Network copy to SMB share from Windows 10

Leo · January 10, 2019, 5:34pm

It's not that we aren't interested in this issue.

It's that almost every time comes up, with a handful of exceptions, it has ended up coming down to something about how the machines/network are configured that is sensitive to buffer size, or some other thing that's outside our control, impossible for us to reproduce locally, and sometimes even favors Opus over Explorer when the wind blows in another direction.

That's when it isn't just the two programs being configured to do different things. (e.g. If you're copying a lot of small files and Opus is set to preserve dates or other metadata but Explorer isn't, then it has a huge impact, and few people think of such things.)

There have been cases where a real issue has been found and we've been able to improve copy speed. One example was with the progress dialogs being updated too often, in a way that was stalling the read/write threads from continuing when using very fast media, and also causing high CPU usage during copies. So there certainly are places where improvements can be made, and we're more than happy to make them, but we're also weary from many years of threads like this where it has turned out to be factors outside our control.

We're looking into getting some 10gig network hardware but it's literally 10x the price of 1gig (and that's for the low-end stuff that's limited to connecting only two rooms/machines). It's not mainstream at all, which is a shame as 1gig is not fast enough even for HDDs these days. (If 10gig was mainstream, I'd have my entire setup on it already.)

In the meantime, I did a test using two RAM disks and localhost networking.

RAM disks are even faster than SSD, obviously, so that should tell us something about the maximum throughput Opus can reach.
localhost networking won't simulate all the network hardware between machines, of course, but it means the data is at least going through the network stack in Windows, even if it gets to take a huge shortcut without hitting a real network. Best we can really do in short notice without 10gig hardware.
Opus isn't involved in sending network packets or low-level filesystem access anyway, so if there is any difference between copying to a share on localhost and copying to a real network share, then any issues introduced there suggest the operating system or network hardware are not correctly buffering the data for smooth transmission.

If there is a way we can modify our side to make it run more smoothly, we're open to that, even if the problem really is that the OS is failing to do its side properly, but it's difficult to guess what that might be, especially without being able to reproduce the problem locally and play with different buffer sizes and so on.

The performance-critical file copy code is very simple. The code that happens before and after it to decide what to copy where and with which name & metadata, as well as error handling, streaming from archives, etc., is complex, but the main copy loop is very simple:

We call ReadFile and WriteFile in a loop, and send updates to the progress dialog every so often.
If non-buffered I/O is turned off (the default), then both calls are done on the same thread, but the OS is told to perform readahead buffering. If the OS is doing its job, the reads will be buffered in parallel to the writes.
If non-buffered I/O is turned on, we tell the OS not to do its own buffering on the read side, and do it ourselves. A separate thread calls ReadFile in parallel to the main thread calling WriteFile.
Note that non-buffered I/O is never used for the network share side of things, even when enabled in Preferences, so in today's test it isn't relevant to the write side of things, since we're copying to a network share.
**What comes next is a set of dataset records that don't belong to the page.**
lemma bij_betw_prod_partition:
  assumes "bij_betw (\<lambda>(i, j). F i j) (I \<times> J) H"
  shows "\<Union>((\<lambda>i. F i ` J) ` I) = H" "disjoint ((\<lambda>i. F i ` J) ` I)"
proof -
  show "\<Union>((\<lambda>i. F i ` J) ` I) = H"
    using assms by (auto simp: bij_betw_def)
  have rows_disjoint: "F i ` J \<inter> F i' ` J = {}" if "i \<in> I" "i' \<in> I" "i \<noteq> i'" for i i'
    using assms that by (auto simp: bij_betw_def inj_on_def)
  show "disjoint ((\<lambda>i. F i ` J) ` I)"
  proof (rule disjointI)
    fix A B assume "A \<in> (\<lambda>i. F i ` J) ` I" "B \<in> (\<lambda>i. F i ` J) ` I" "A \<noteq> B"
    then show "A \<inter> B = {}" using rows_disjoint by blast
  qed
qed

definition triples :: "nat \<Rightarrow> nat set set" where
  "triples n = {T. T \<subseteq> {..<n} \<and> card T = 3}"

lemma card_triples: "card (triples n) = n choose 3"
  by (simp add: triples_def n_subsets)

definition oa_word :: "(nat \<Rightarrow> nat \<Rightarrow> nat) \<Rightarrow> nat \<Rightarrow> nat \<Rightarrow> nat set \<Rightarrow> nat \<Rightarrow> nat" where
  "oa_word M g r T i = (if i \<in> T then (M r i + \<Sum>T) mod g + 1 else 0)"

lemma support_oa_word:
  assumes "T \<subseteq> {..<n}"
  shows "support n (oa_word M g r T) = T"
  using assms by (auto simp: support_def oa_word_def)
lemma integral_Ici_split:
  fixes f :: "real \<Rightarrow> real"
  assumes cont: "continuous_on {a..} f" and nonneg: "\<And>x. a \<le> x \<Longrightarrow> 0 \<le> f x"
    and int: "f integrable_on {a..}" and "a \<le> z"
  shows "integral {a..} f = integral {a..z} f + integral {z..} f"
proof -
  have int_Icc: "f integrable_on {c..d}" if "a \<le> c" for c d
    by (rule integrable_continuous_interval) (rule continuous_on_subset[OF cont], use that in auto)
  have int_z: "f integrable_on {z..}"
  proof (rule integrable_on_Ici_if_bounded(1)[where B = "integral {a..} f"])
    show "continuous_on {z..} f" by (rule continuous_on_subset[OF cont]) (use \<open>a \<le> z\<close> in auto)
    show "0 \<le> f x" if "z \<le> x" for x using that \<open>a \<le> z\<close> by (intro nonneg) auto
    show "integral {z..T} f \<le> integral {a..} f" for T
    proof (rule integral_subset_le[OF _ _ int])
      show "{z..T} \<subseteq> {a..}" using \<open>a \<le> z\<close> by auto
      show "f integrable_on {z..T}" using \<open>a \<le> z\<close> by (rule int_Icc)
      show "\<forall>x\<in>{a..}. 0 \<le> f x" using nonneg by auto
    qed
  qed
  have "(f has_integral (integral {a..z} f + integral {z..} f)) ({a..z} \<union> {z..})"
  proof (rule has_integral_Un)
    show "(f has_integral integral {a..z} f) {a..z}"
      by (rule integrable_integral[OF int_Icc[OF order_refl]])
    show "(f has_integral integral {z..} f) {z..}"
      by (rule integrable_integral[OF int_z])
    show "negligible ({a..z} \<inter> {z..})"
      by (rule negligible_subset[of "{z}"]) auto
  qed
  moreover have "{a..z} \<union> {z..} = {a..}" using \<open>a \<le> z\<close> by auto
  ultimately show ?thesis
    by (simp add: integral_unique)
qed

lemma has_real_derivative_integral_Ici:
  fixes f :: "real \<Rightarrow> real"
  assumes cont: "continuous_on {a..} f" and nonneg: "\<And>x. a \<le> x \<Longrightarrow> 0 \<le> f x"
    and int: "f integrable_on {a..}" and "a < z"
  shows "((\<lambda>y. integral {y..} f) has_real_derivative - f z) (at z)"
proof -
  have "((\<lambda>y. integral {a..y} f) has_real_derivative f z) (at z within {a..z+1})"
    by (rule integral_has_real_derivative) (rule continuous_on_subset[OF cont], use \<open>a < z\<close> in auto)
  then have "((\<lambda>y. integral {a..y} f) has_real_derivative f z) (at z)"
    using \<open>a < z\<close> by (simp add: at_within_Icc_at)
  from DERIV_diff[OF DERIV_const this]
  have deriv: "((\<lambda>y. integral {a..} f - integral {a..y} f) has_real_derivative - f z) (at z)"
    by simp
  show ?thesis
  proof (rule has_field_derivative_transform_within_open[OF deriv])
    show "integral {a..} f - integral {a..y} f = integral {y..} f" if "y \<in> {a<..}" for y
      using integral_Ici_split[OF cont nonneg int, of y] that by simp
  qed (use \<open>a < z\<close> in auto)
qed

lemma integral_Ici_bounds_by_antiderivative:
  fixes g G R :: "real \<Rightarrow> real"
  assumes cont: "continuous_on {a..} g" and g_nonneg: "\<And>x. a \<le> x \<Longrightarrow> 0 \<le> g x"
    and deriv: "\<And>x. a \<le> x \<Longrightarrow> (R has_real_derivative - G x) (at x)"
    and G_bounds: "\<And>x. a \<le> x \<Longrightarrow> g x \<le> G x \<and> G x \<le> C * g x" and "0 \<le> C"
    and R_nonneg: "\<And>x. a \<le> x \<Longrightarrow> 0 \<le> R x" and R_lim: "(R \<longlongrightarrow> 0) at_top"
  shows "g integrable_on {a..}" "integral {a..} g \<le> R a" "R a \<le> C * integral {a..} g"
proof -
  have int_g: "g integrable_on {a..T}" for T
    by (rule integrable_continuous_interval) (rule continuous_on_subset[OF cont], auto)
  have ftc: "(G has_integral R a - R T) {a..T}" if "a \<le> T" for T
  proof -
    have "(G has_integral (- R T) - (- R a)) {a..T}"
    proof (rule fundamental_theorem_of_calculus[OF that])
      fix x assume "x \<in> {a..T}"
      then have "((\<lambda>y. - R y) has_real_derivative G x) (at x)"
        using deriv[of x] DERIV_minus by fastforce
      then show "((\<lambda>y. - R y) has_vector_derivative G x) (at x within {a..T})"
        by (simp add: has_real_derivative_iff_has_vector_derivative[symmetric]
            has_field_derivative_at_within)
    qed
    then show ?thesis by simp
  qed
  have upper: "integral {a..T} g \<le> R a - R T" if "a \<le> T" for T
    by (rule has_integral_le[OF integrable_integral[OF int_g] ftc[OF that]])
       (use G_bounds that in auto)
  have lower: "R a - R T \<le> C * integral {a..T} g" if "a \<le> T" for T
    by (rule has_integral_le[OF ftc[OF that] has_integral_mult_right[OF integrable_integral[OF int_g]]])
       (use G_bounds that in auto)
  have bound: "integral {a..T} g \<le> R a" if "a \<le> T" for T
    using upper[OF that] R_nonneg[OF that] by linarith
  show int: "g integrable_on {a..}" and "integral {a..} g \<le> R a"
    using integrable_on_Ici_if_bounded[OF cont g_nonneg bound] by auto
  have "eventually (\<lambda>T. R a - R T \<le> C * integral {a..} g) at_top"
    using eventually_ge_at_top[of a]
  proof eventually_elim
    case (elim T)
    have "integral {a..T} g \<le> integral {a..} g"
      using elim by (intro integral_subset_le int_g int) (auto intro: g_nonneg)
    then show ?case using lower[OF elim] \<open>0 \<le> C\<close> by (meson mult_left_mono order_trans)
  qed
  moreover have "((\<lambda>T. R a - R T) \<longlongrightarrow> R a - 0) at_top"
    by (intro tendsto_intros R_lim)
  ultimately show "R a \<le> C * integral {a..} g"
    using tendsto_upperbound[of "\<lambda>T. R a - R T"] by force
qed

lemma DERIV_neg_below_level_imp_le:
  fixes F DF :: "real \<Rightarrow> real"
  assumes deriv: "\<And>x. z \<le> x \<Longrightarrow> (F has_real_derivative DF x) (at x)"
    and neg: "\<And>x. z \<le> x \<Longrightarrow> F x \<le> K \<Longrightarrow> DF x < 0"
    and "F z \<le> K" and "z \<le> t"
  shows "F t \<le> K"
proof -
  define A where "A = {z..t} \<inter> F -` {..K}"
  have "continuous_on {z..t} F"
    by (rule DERIV_continuous_on) (use deriv in \<open>auto intro: has_field_derivative_at_within\<close>)
  then have "closed A" unfolding A_def by (rule continuous_closed_preimage) auto
  moreover have "bdd_above A" unfolding A_def by (rule bdd_aboveI[of _ t]) auto
  moreover have "z \<in> A" using assms by (auto simp: A_def)
  ultimately have "Sup A \<in> A" by (intro closed_contains_Sup) auto
  define s where "s = Sup A"
  note s = \<open>Sup A \<in> A\<close>[folded s_def]
  have "s = t"
  proof (rule ccontr)
    assume "s \<noteq> t"
    with s have "s < t" "z \<le> s" "F s \<le> K" by (auto simp: A_def)
    obtain d where "d > 0" and d: "\<And>h. 0 < h \<Longrightarrow> h < d \<Longrightarrow> F (s + h) < F s"
      using DERIV_neg_dec_right[OF deriv neg] \<open>z \<le> s\<close> \<open>F s \<le> K\<close> by blast
    define h where "h = min (d / 2) (t - s)"
    have "0 < h" "h < d" using \<open>d > 0\<close> \<open>s < t\<close> by (auto simp: h_def)
    then have "s + h \<in> A"
      using d[of h] \<open>F s \<le> K\<close> \<open>z \<le> s\<close> by (auto simp: A_def h_def)
    then have "s + h \<le> s" unfolding s_def by (rule cSup_upper[OF _ \<open>bdd_above A\<close>])
    then show False using \<open>0 < h\<close> by simp
  qed
  then show ?thesis using s by (simp add: A_def)
qed

lemma filterlim_at_top_if_DERIV_le_neg_below_level:
  fixes F DF :: "real \<Rightarrow> real"
  assumes deriv: "\<And>x. a \<le> x \<Longrightarrow> (F has_real_derivative DF x) (at x)"
    and nonneg: "\<And>x. a \<le> x \<Longrightarrow> 0 \<le> F x" and "0 < c"
    and slope: "\<And>K. eventually (\<lambda>x. F x \<le> K \<longrightarrow> DF x \<le> - c) at_top"
  shows "filterlim F at_top at_top"
  unfolding filterlim_at_top
proof
  fix K
  obtain Z where Z: "\<And>x. Z \<le> x \<Longrightarrow> F x \<le> K \<longrightarrow> DF x \<le> - c"
    using slope[of K] by (auto simp: eventually_at_top_linorder)
  have above: "K < F z" if "max a Z \<le> z" for z
  proof (rule ccontr)
    assume "\<not> K < F z"
    then have below: "F t \<le> K" if "z \<le> t" for t
    proof (intro DERIV_neg_below_level_imp_le[of z F DF K t] that)
      show "(F has_real_derivative DF x) (at x)" if "z \<le> x" for x
        using that \<open>max a Z \<le> z\<close> by (intro deriv) auto
      show "DF x < 0" if "z \<le> x" "F x \<le> K" for x
        using that Z[of x] \<open>max a Z \<le> z\<close> \<open>0 < c\<close> by auto
    qed auto
    define t where "t = z + (\<bar>K\<bar> + 1) / c"
    have "z \<le> t" using \<open>0 < c\<close> by (simp add: t_def)
    have "F t + c * t \<le> F z + c * z"
    proof (rule deriv_nonpos_imp_antimono[where g = "\<lambda>x. F x + c * x" and g' = "\<lambda>x. DF x + c"])
      show "((\<lambda>x. F x + c * x) has_real_derivative DF x + c) (at x)" if "x \<in> {z..t}" for x
        using that \<open>max a Z \<le> z\<close> by (auto intro!: derivative_eq_intros deriv)
      show "DF x + c \<le> 0" if "x \<in> {z..t}" for x
        using that Z[of x] below[of x] \<open>max a Z \<le> z\<close> by auto
    qed fact
    moreover have "c * t = c * z + \<bar>K\<bar> + 1" using \<open>0 < c\<close> by (simp add: t_def field_simps)
    ultimately have "F t < 0" using \<open>\<not> K < F z\<close> by linarith
    then show False using nonneg[of t] \<open>z \<le> t\<close> \<open>max a Z \<le> z\<close> by linarith
  qed
  show "eventually (\<lambda>z. K \<le> F z) at_top"
    using eventually_ge_at_top[of "max a Z"] by eventually_elim (use above in force)
qed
I set up two 10GB RAM drives, V: and W:, located in physical memory (not the page file) using ImDisk:

A network share pointing to the W: disk was created, and I then copied a ~10GB file from the V: drive to the network share, using Opus, then Explorer, then Opus, then Explorer again. (Since everything is in RAM, caching should not play much of a part, unlike normal tests, so the order of the tests shouldn't matter too much.)

Here's a video showing what happened:

If anything, I'd say Opus is faster than Explorer in this case, just based on the progress dialogs. The two are close enough that I'd just call it even. (Unfortunately, Task Manager doesn't show performance graphs for this kind of disk, so I had to go by the progress dialogs, but those usually favor Explorer and disadvantage Opus, due to Explorer closing the dialog before buffers have been fully flushed, so if Opus looks faster/equivalent here, I'd say it is.)

We're seeing copy speeds of around 2GB/s (2 gigabytes a second) to a (localhost) network share there, copying the ~10GB file in about 3 seconds (or about 4-5 seconds in Explorer's case).

So whatever else is going on, the copy code in Opus is not limited to 350MB/s, we can definitely say that.